Именно так человек весело плывёт по течению
Реки жизни.
Всё это пелось воспитанниками Киевской гимназии. «Вот так воспитывалось русское дворянство» (156), — с горечью заметил позднее сам Печерин по поводу этого «гимна» киевских гимназистов. Для скольких воспитанников не прошло даром такое песенное наставление. Адепт философии удовольствия, беспечной весёлости и непостоянства, Печерин долго хранил верность вложенным в его сознание принципам. С логической неизбежностью это привело его к уяснению важного закона, увенчавшего стройную систему мировосприятия, основанного на вполне определённой системе ценностей: «Вскоре мой катехизис свёлся к простому выражению: цель оправдывает средства»
(174).

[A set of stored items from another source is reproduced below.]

(* Let $k\ge2$, let $\mathcal{F}\subset 2^{[n]}$ be weakly $k$-cross-free, and let $\mathcal{C}_1,\dots,\mathcal{C}_k$ be nonempty chains with $\mathcal{C}_l\subset\mathcal{F}_{j_l}$ for integers $j_1<\dots<j_k$. For each $l$ fix a set $Y(\mathcal{C}_l)$ as described in the context. Then there do not exist $k$ distinct elements $y_1,\dots,y_k\in[n]$ such that $(\mathcal{C}_1,\dots,\mathcal{C}_k)$ is good for each of $y_1,\dots,y_k$.
   Context: Sets $A,B$ are weakly crossing if $A\setminus B$, $B\setminus A$, $A\cap B$ are all non-empty; a family is weakly $k$-cross-free if it contains no $k$ pairwise weakly crossing sets. $\mathcal{F}_i=\{X\in\mathcal{F}:2^i<|X|\le 2^{i+1}\}$. A chain is written $\mathcal{C}(1)\subsetneq\dots\subsetneq\mathcal{C}(l)$. $Y(\mathcal{C})$ is a set obtained by choosing one element of $\mathcal{C}(1)$ and one element of each difference $\mathcal{C}(j+1)\setminus\mathcal{C}(j)$, $j=1,\dots,l-1$. The $k$-tuple $(\mathcal{C}_1,\dots,\mathcal{C}_k)$ is good for $y$ if (i) $y\in Y(\mathcal{C}_l)$ for every $l\in[k]$ and (ii) letting $C_l$ be the smallest set in $\mathcal{C}_l$ containing $y$, we have $C_1\subset C_2\subset\dots\subset C_k$. *)

theory Defs
  imports Complex_Main
begin

definition weakly_crossing :: "'a set \<Rightarrow> 'a set \<Rightarrow> bool" where
  "weakly_crossing A B \<longleftrightarrow> A - B \<noteq> {} \<and> B - A \<noteq> {} \<and> A \<inter> B \<noteq> {}"

definition weakly_k_cross_free :: "nat \<Rightarrow> 'a set set \<Rightarrow> bool" where
  "weakly_k_cross_free k F \<longleftrightarrow>
     \<not> (\<exists>S. S \<subseteq> F \<and> card S = k \<and> (\<forall>A\<in>S. \<forall>B\<in>S. A \<noteq> B \<longrightarrow> weakly_crossing A B))"

definition level :: "'a set set \<Rightarrow> int \<Rightarrow> 'a set set" where
  "level F i = {X \<in> F. (2::real) powi i < real (card X) \<and> real (card X) \<le> (2::real) powi (i + 1)}"

text \<open>A chain C(1) strictly contained in ... C(l), represented as a list (0-indexed).\<close>
definition is_chain :: "'a set list \<Rightarrow> bool" where
  "is_chain C \<longleftrightarrow> (\<forall>i. Suc i < length C \<longrightarrow> C ! i \<subset> C ! Suc i)"

definition is_Y :: "'a set list \<Rightarrow> 'a set \<Rightarrow> bool" where
  "is_Y C Y \<longleftrightarrow> (\<exists>f. f 0 \<in> C ! 0 \<and>
      (\<forall>i. Suc i < length C \<longrightarrow> f (Suc i) \<in> C ! Suc i - C ! i) \<and>
      Y = f ` {..<length C})"

definition smallest_containing :: "'a set list \<Rightarrow> 'a \<Rightarrow> 'a set" where
  "smallest_containing C y = C ! (LEAST i. i < length C \<and> y \<in> C ! i)"

definition good :: "nat \<Rightarrow> (nat \<Rightarrow> 'a set list) \<Rightarrow> (nat \<Rightarrow> 'a set) \<Rightarrow> 'a \<Rightarrow> bool" where
  "good k Cs Ys y \<longleftrightarrow> (\<forall>l<k. y \<in> Ys l) \<and>
     (\<forall>l. Suc l < k \<longrightarrow> smallest_containing (Cs l) y \<subseteq> smallest_containing (Cs (Suc l)) y)"

end

theory Submission imports Defs begin

text \<open>Let \<open>T\<close> be the set of the \<open>k\<close> points \<open>y\<^sub>m\<close>. Since \<open>T \<subseteq> Y(\<C>\<^sub>l)\<close> and \<open>Y(\<C>\<^sub>l)\<close> meets
  the first set and every difference of consecutive sets of \<open>\<C>\<^sub>l\<close> in at most one point,
  \<open>|T \<inter> C|\<close> grows by steps of at most one along \<open>\<C>\<^sub>l\<close>, from at most \<open>1\<close> up to \<open>k\<close>.
  Hence each \<open>\<C>\<^sub>l\<close> contains a set \<open>A\<^sub>l\<close> with \<open>|T \<inter> A\<^sub>l| = k - l\<close>. For \<open>l < l'\<close>, the
  levels force \<open>|A\<^sub>l| < |A\<^sub>l\<^sub>'|\<close>, the traces on \<open>T\<close> force \<open>A\<^sub>l \<nsubseteq> A\<^sub>l\<^sub>'\<close>, and a point
  \<open>y \<in> T \<inter> A\<^sub>l\<^sub>'\<close> together with goodness for \<open>y\<close> gives \<open>A\<^sub>l \<inter> A\<^sub>l\<^sub>' \<noteq> {}\<close>: the smallest
  set of \<open>\<C>\<^sub>l\<close> containing \<open>y\<close> lies in \<open>A\<^sub>l\<^sub>'\<close> and is comparable with \<open>A\<^sub>l\<close>. So the \<open>A\<^sub>l\<close>
  are \<open>k\<close> pairwise weakly crossing members of \<open>\<F>\<close>.\<close>

lemma is_chain_mono:
  assumes "is_chain C" "i \<le> j" "j < length C"
  shows "C ! i \<subseteq> C ! j"
  by (rule lift_Suc_mono_le_ivl[where N = "{i. Suc i < length C}"])
     (use assms in \<open>auto simp: is_chain_def less_imp_le\<close>)

lemma is_chain_comparable:
  assumes "is_chain C" "A \<in> set C" "B \<in> set C"
  shows "A \<subseteq> B \<or> B \<subseteq> A"
proof -
  obtain a b where "a < length C" "b < length C" "A = C ! a" "B = C ! b"
    using assms(2,3) by (auto simp: in_set_conv_nth)
  then show ?thesis
    using is_chain_mono[OF assms(1)] nat_le_linear by metis
qed

lemma chain_choice_mem_iff:
  assumes "is_chain C" "f 0 \<in> C ! 0" "\<forall>i. Suc i < length C \<longrightarrow> f (Suc i) \<in> C ! Suc i - C ! i"
    and "i' < length C" "i < length C"
  shows "f i' \<in> C ! i \<longleftrightarrow> i' \<le> i"
proof
  assume mem: "f i' \<in> C ! i"
  show "i' \<le> i"
  proof (rule ccontr)
    assume "\<not> i' \<le> i"
    then obtain p where p: "i' = Suc p" "i \<le> p"
      by (cases i') auto
    then have "f i' \<notin> C ! p"
      using assms(3,4) by auto
    moreover have "C ! i \<subseteq> C ! p"
      using is_chain_mono[OF assms(1) p(2)] p assms(4) by simp
    ultimately show False
      using mem by blast
  qed
next
  assume "i' \<le> i"
  moreover have "f i' \<in> C ! i'"
    using assms by (cases i') auto
  ultimately show "f i' \<in> C ! i"
    using is_chain_mono[OF assms(1) _ assms(5)] by blast
qed

lemma finite_is_Y: "is_Y C Y \<Longrightarrow> finite Y"
  by (auto simp: is_Y_def)

lemma is_Y_subset_last:
  assumes "is_chain C" "C \<noteq> []" "is_Y C Y"
  shows "Y \<subseteq> last C"
proof
  fix y assume "y \<in> Y"
  then obtain f i where f: "f 0 \<in> C ! 0" "\<forall>i. Suc i < length C \<longrightarrow> f (Suc i) \<in> C ! Suc i - C ! i"
    and i: "i < length C" "y = f i"
    using assms(3) unfolding is_Y_def by blast
  then show "y \<in> last C"
    using chain_choice_mem_iff[OF assms(1) f i(1), of "length C - 1"] assms(2)
    by (simp add: last_conv_nth)
qed

lemma card_is_Y_inter_first:
  assumes "is_chain C" "C \<noteq> []" "is_Y C Y"
  shows "card (Y \<inter> C ! 0) \<le> 1"
proof -
  obtain f where f: "f 0 \<in> C ! 0" "\<forall>i. Suc i < length C \<longrightarrow> f (Suc i) \<in> C ! Suc i - C ! i"
    and Y: "Y = f ` {..<length C}"
    using assms(3) unfolding is_Y_def by blast
  have "Y \<inter> C ! 0 \<subseteq> {f 0}"
    using chain_choice_mem_iff[OF assms(1) f, of _ 0] assms(2) by (auto simp: Y)
  then show ?thesis
    using card_mono[of "{f 0}"] by fastforce
qed

lemma card_is_Y_inter_diff:
  assumes "is_chain C" "is_Y C Y" "Suc i < length C"
  shows "card (Y \<inter> (C ! Suc i - C ! i)) \<le> 1"
proof -
  obtain f where f: "f 0 \<in> C ! 0" "\<forall>i. Suc i < length C \<longrightarrow> f (Suc i) \<in> C ! Suc i - C ! i"
    and Y: "Y = f ` {..<length C}"
    using assms(2) unfolding is_Y_def by blast
  have "f i' = f (Suc i)" if "i' < length C" "f i' \<in> C ! Suc i" "f i' \<notin> C ! i" for i'
    using chain_choice_mem_iff[OF assms(1) f that(1)] that assms(3) by (metis Suc_lessD le_SucE)
  then have "Y \<inter> (C ! Suc i - C ! i) \<subseteq> {f (Suc i)}"
    by (auto simp: Y)
  then show ?thesis
    using card_mono[of "{f (Suc i)}"] by fastforce
qed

Так что тяготение нашего героя к католичеству и непосредственно к иезуитам, одно время им владевшее, подсознательно жило в нём задолго до непосредственного контакта с отцами иезуитского ордена. Парадокс в том, что все шаги, приведшие его к трагическому жизненному итогу, Печерин постоянно объяснял якобы чисто русским рабством собственной натуры, тогда как — повторим вновь — ничего собственно русского (то есть — православного по природе) во всех его умствованиях и деяниях не было ни на грош: всё оказалось привитым извне — от руссоизма до иезуитизма…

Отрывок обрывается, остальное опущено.